Mullins notes what he contends are procedural disadvantages to consumers litigating in court and questions whether consumers “are really going to get a fair result in a complicated county court with all of its rules of procedure.”


Nelson, however, isn’t buying it. “I think the supposed simplicity of arbitration is oversold as a benefit,” says Nelson.


“Most consumers are unlikely to be able to navigate either a lawsuit or an arbitration without a lawyer,” he says. Arbitrations have unique costs, such as “fees for three arbitrators at premium law firm billing rates,” Nelson notes.


A common refrain among several Section leaders polled on the issue is not to “throw the baby out with the bathwater.”


“The issue ought not to be eliminating arbitration, but rather ensuring that arbitration is fair to consumers,”says Sandler.


Echoing the “fix it, don’t kill it” approach, Lori Sochin, Miami, FL, cochair of the Section’s Alternative Dispute Resolution Committee, is comforted by the provision in President Obama’s plan that calls for study and analysis before imposing any restrictions on mandatory arbitrations.


“We” should focus on “making sure that procedures are in place so that arbitrations can be fairly administered,” says Sochin.


However, Nelson remains unconvinced. “You can sugarcoat it all you want, but at the end of the day, [mandatory arbitration] remains a bitter pill that you’re forcing down people’s throats,” Nelson says.
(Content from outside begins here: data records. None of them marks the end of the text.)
text \<open>The class sum is central in the group algebra, so Schur's lemma makes it a scalar in
  every irreducible representation; the scalar is read off from the trace.\<close>

lemma mat_sum_conj_class_scalar:
  assumes \<rho>: "irreducible_rep G n \<rho>" and c: "c \<in> carrier G"
  shows "mat_sum \<rho> (conj_class c) n n = (of_nat (card (conj_class c)) * mat_trace (\<rho> c) / of_nat n) \<cdot>\<^sub>m 1\<^sub>m n"
proof -
  let ?C = "conj_class c" and ?K = "mat_sum \<rho> (conj_class c) n n"
  note rep = irreducible_repD(1)[OF \<rho>]
  have C: "a \<in> ?C \<Longrightarrow> a \<in> carrier G" for a using conj_class_subset[OF c] by auto
  have \<rho>C: "a \<in> ?C \<Longrightarrow> \<rho> a \<in> carrier_mat n n" for a using representation_carrier[OF rep] C by blast
  have "\<rho> k * ?K = ?K * \<rho> k" if k: "k \<in> carrier G" for k
  proof -
    have \<rho>k: "\<rho> k \<in> carrier_mat n n" using representation_carrier[OF rep k] .
    have "\<rho> k * ?K = mat_sum (\<lambda>a. \<rho> k * \<rho> a) ?C n n" by (rule mult_mat_sum[OF \<rho>k \<rho>C])
    also have "\<dots> = mat_sum (\<lambda>a. \<rho> ((k \<otimes> a \<otimes> inv k) \<otimes> k)) ?C n n"
      using k C by (intro mat_sum_cong) (simp add: representation_mult[OF rep] m_assoc)
    also have "\<dots> = mat_sum (\<lambda>a. \<rho> (a \<otimes> k)) ?C n n"
      by (rule mat_sum_reindex_bij_betw[OF conj_class_conj_bij_betw[OF c k]])
    also have "\<dots> = mat_sum (\<lambda>a. \<rho> a * \<rho> k) ?C n n"
      using k C by (intro mat_sum_cong) (simp add: representation_mult[OF rep])
    also have "\<dots> = ?K * \<rho> k" by (rule mat_sum_mult[OF \<rho>k \<rho>C, symmetric])
    finally show ?thesis .
  qed
  then obtain \<mu> where \<mu>: "?K = \<mu> \<cdot>\<^sub>m 1\<^sub>m n" using schur_scalar[OF \<rho> mat_sum_carrier] by blast
  have "\<mu> * of_nat n = mat_trace ?K" using \<mu> mat_trace_smult[of "1\<^sub>m n" n \<mu>] by simp
  also have "\<dots> = (\<Sum>a\<in>?C. mat_trace (\<rho> a))" by (rule mat_trace_mat_sum[OF \<rho>C])
  also have "\<dots> = (\<Sum>a\<in>?C. mat_trace (\<rho> c))"
    using mat_trace_representation_conj[OF rep _ c] by (intro sum.cong) (auto simp: conj_class_def)
  finally have "\<mu> = of_nat (card ?C) * mat_trace (\<rho> c) / of_nat n"
    using irreducible_repD(2)[OF \<rho>] by (simp add: field_simps)
  with \<mu> show ?thesis by simp
qed

lemma irr_char_conj_class_pair_sum:
  assumes \<chi>: "\<chi> \<in> irr_chars G" and c: "c \<in> carrier G"
  shows "(\<Sum>p\<in>conj_class c \<times> conj_class c. \<chi> (fst p \<otimes> snd p)) * \<chi> \<one> = (of_nat (card (conj_class c)) * \<chi> c)\<^sup>2"
  using \<chi>
proof (rule irr_charsE)
  fix n \<rho> assume \<rho>: "irreducible_rep G n \<rho>" and \<chi>\<rho>: "\<chi> = (\<lambda>x\<in>carrier G. mat_trace (\<rho> x))"
  let ?C = "conj_class c" and ?K = "mat_sum \<rho> (conj_class c) n n"
  define \<mu> where "\<mu> = of_nat (card ?C) * mat_trace (\<rho> c) / of_nat n"
  note rep = irreducible_repD(1)[OF \<rho>]
  have C: "a \<in> ?C \<Longrightarrow> a \<in> carrier G" for a using conj_class_subset[OF c] by auto
  have \<rho>C: "a \<in> ?C \<Longrightarrow> \<rho> a \<in> carrier_mat n n" for a using representation_carrier[OF rep] C by blast
  have K: "?K = \<mu> \<cdot>\<^sub>m 1\<^sub>m n" unfolding \<mu>_def by (rule mat_sum_conj_class_scalar[OF \<rho> c])
  have "(\<Sum>p\<in>?C \<times> ?C. \<chi> (fst p \<otimes> snd p)) = (\<Sum>p\<in>?C \<times> ?C. mat_trace (\<rho> (fst p) * \<rho> (snd p)))"
    using C \<chi>\<rho> by (intro sum.cong) (auto simp: representation_mult[OF rep])
  also have "\<dots> = (\<Sum>a\<in>?C. \<Sum>b\<in>?C. mat_trace (\<rho> a * \<rho> b))" by (simp add: sum.cartesian_product')
  also have "\<dots> = (\<Sum>a\<in>?C. mat_trace (\<rho> a * ?K))"
  proof (rule sum.cong[OF refl])
    fix a assume a: "a \<in> ?C"
    have "mat_trace (\<rho> a * ?K) = mat_trace (mat_sum (\<lambda>b. \<rho> a * \<rho> b) ?C n n)"
      by (simp only: mult_mat_sum[OF \<rho>C[OF a] \<rho>C])
    also have "\<dots> = (\<Sum>b\<in>?C. mat_trace (\<rho> a * \<rho> b))"
      by (rule mat_trace_mat_sum) (rule mult_carrier_mat[OF \<rho>C[OF a] \<rho>C])
    finally show "(\<Sum>b\<in>?C. mat_trace (\<rho> a * \<rho> b)) = mat_trace (\<rho> a * ?K)" by simp
  qed
  also have "\<dots> = mat_trace (?K * ?K)"
  proof -
    have "mat_trace (?K * ?K) = mat_trace (mat_sum (\<lambda>a. \<rho> a * ?K) ?C n n)"
      by (simp only: mat_sum_mult[OF mat_sum_carrier \<rho>C])
    also have "\<dots> = (\<Sum>a\<in>?C. mat_trace (\<rho> a * ?K))"
      by (rule mat_trace_mat_sum) (rule mult_carrier_mat[OF \<rho>C mat_sum_carrier])
    finally show ?thesis by simp
  qed
  also have "?K * ?K = \<mu> \<cdot>\<^sub>m (\<mu> \<cdot>\<^sub>m 1\<^sub>m n)"
    unfolding K using mult_smult_assoc_mat[of "1\<^sub>m n" n n "\<mu> \<cdot>\<^sub>m 1\<^sub>m n" n \<mu>] by simp
  also have "mat_trace \<dots> = \<mu> * \<mu> * of_nat n"
    using mat_trace_smult[of "\<mu> \<cdot>\<^sub>m 1\<^sub>m n" n \<mu>] mat_trace_smult[of "1\<^sub>m n" n \<mu>] by simp
  finally have "(\<Sum>p\<in>?C \<times> ?C. \<chi> (fst p \<otimes> snd p)) = \<mu> * \<mu> * of_nat n" .
  moreover have "\<chi> \<one> = of_nat n" using \<chi>\<rho> representation_one[OF rep] by simp
  moreover have "\<chi> c = mat_trace (\<rho> c)" using \<chi>\<rho> c by simp
  ultimately show ?thesis
    using irreducible_repD(2)[OF \<rho>] unfolding \<mu>_def by (simp add: power2_eq_square field_simps)
qed

theorem product_count_conj_class:
  assumes c: "c \<in> carrier G" and inv_c: "inv c \<in> conj_class c"
  shows "of_nat (product_count (conj_class c) c) * of_nat (card (carrier G))
    = (of_nat (card (conj_class c)))\<^sup>2 * (\<Sum>\<chi>\<in>irr_chars G. \<chi> c ^ 3 / \<chi> \<one>)"
proof -
  let ?C = "conj_class c" and ?F = "\<lambda>y. of_nat (product_count (conj_class c) y) :: complex"
  have "?F c = (\<Sum>\<chi>\<in>irr_chars G. (\<Sum>h\<in>carrier G. ?F h * \<chi> (inv h)) * \<chi> c) / of_nat (card (carrier G))"
    by (rule class_function_expansion[OF product_count_class_function[OF c] c])
  also have "(\<Sum>\<chi>\<in>irr_chars G. (\<Sum>h\<in>carrier G. ?F h * \<chi> (inv h)) * \<chi> c)
      = (\<Sum>\<chi>\<in>irr_chars G. (of_nat (card ?C))\<^sup>2 * (\<chi> c ^ 3 / \<chi> \<one>))"
  proof (rule sum.cong[OF refl])
    fix \<chi> assume \<chi>: "\<chi> \<in> irr_chars G"
    obtain n where "0 < n" "\<chi> \<one> = of_nat n" by (rule irr_chars_one[OF \<chi>])
    then have "\<chi> \<one> \<noteq> 0" by simp
    have "(\<Sum>h\<in>carrier G. ?F h * \<chi> (inv h)) = (of_nat (card ?C) * \<chi> c)\<^sup>2 / \<chi> \<one>"
      using product_count_inner_product[OF c inv_c, of \<chi>] irr_char_conj_class_pair_sum[OF \<chi> c] \<open>\<chi> \<one> \<noteq> 0\<close>
      by (simp add: eq_divide_eq)
    then show "(\<Sum>h\<in>carrier G. ?F h * \<chi> (inv h)) * \<chi> c = (of_nat (card ?C))\<^sup>2 * (\<chi> c ^ 3 / \<chi> \<one>)"
      by (simp add: power2_eq_square power3_eq_cube)
  qed
  also have "\<dots> = (of_nat (card ?C))\<^sup>2 * (\<Sum>\<chi>\<in>irr_chars G. \<chi> c ^ 3 / \<chi> \<one>)"
    by (rule sum_distrib_left[symmetric])
  finally show ?thesis using card_carrier_pos by (simp add: divide_eq_eq)
qed
lemma tree_gf_hits_left_child_with_P_right:
  fixes P :: pat
  defines "Y \<equiv> matches (PNode (Cont (PNode NoChild (NonCont P))) NoChild)"
  shows "tree_gf (\<lambda>t. no_right_subtree Y t \<and> Y t)
      = fps_X\<^sup>2 * tree_gf (no_right_subtree Y) * tree_gf (\<lambda>t. no_right_subtree Y t \<and> \<not> Y t)
          * tree_gf (\<lambda>t. no_right_subtree Y t \<and> \<not> Y t \<and> contains t P)"
proof -
  have Y_iff: "Y t \<longleftrightarrow> (\<exists>z y. t = Node z () y \<and> (\<exists>zl zr. z = Node zl () zr \<and> contains zr P))"
    for t unfolding Y_def by (rule matches_left_child_with_P_right_iff)
  have "tree_gf (\<lambda>t. no_right_subtree Y t \<and> Y t) = tree_gf (\<lambda>t. \<exists>z y. t = Node z () y
      \<and> (\<exists>zl zr. z = Node zl () zr \<and> no_right_subtree Y zl
            \<and> (no_right_subtree Y zr \<and> \<not> Y zr \<and> contains zr P))
      \<and> (no_right_subtree Y y \<and> \<not> Y y))"
    by (rule arg_cong[where f = tree_gf]) (auto simp: Y_iff)
  also have "\<dots> = fps_X * (fps_X * tree_gf (no_right_subtree Y)
        * tree_gf (\<lambda>t. no_right_subtree Y t \<and> \<not> Y t \<and> contains t P))
      * tree_gf (\<lambda>t. no_right_subtree Y t \<and> \<not> Y t)"
    by (simp only: tree_gf_Node)
  finally show ?thesis
    by (simp add: power2_eq_square mult_ac)
qed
Keywords: arbitration, arbitration fairness act, consumer contracts, financial regulatory reform


 
  • September 21, 2009 – Most companies and their attorneys are rule followers, whereas many plaintiff s attorneys will try to get everything in, even hearsay. Arbitration often favors this latter approach, Greenwald explains.

    I heard that after banks save babies from burning buildings, plaintiff's attorneys try to eat the babies!

  • September 23, 2009 – As a consultant in the computer field, I have been forced to sign a number of employment contracts recently that included mandatory arbitration clauses.

    Had the clients failed to compensate me at the end of these contracts, as one of them not very subtly threatened to do, I would not have been able to collect the debts they owed me. I would have had to resort to arbitration, which would have cost more in one case than the contract was worth, and would certainly have cost far more than normal debt collection procedures.

    As a result of the threats and intimidation exercised against me in one case, I was obliged to work more than a third again the number of hours for which I was actually compensated, and to deliver items that were clearly beyond the agreed scope of my contract.

    This was extortion, pure and simple.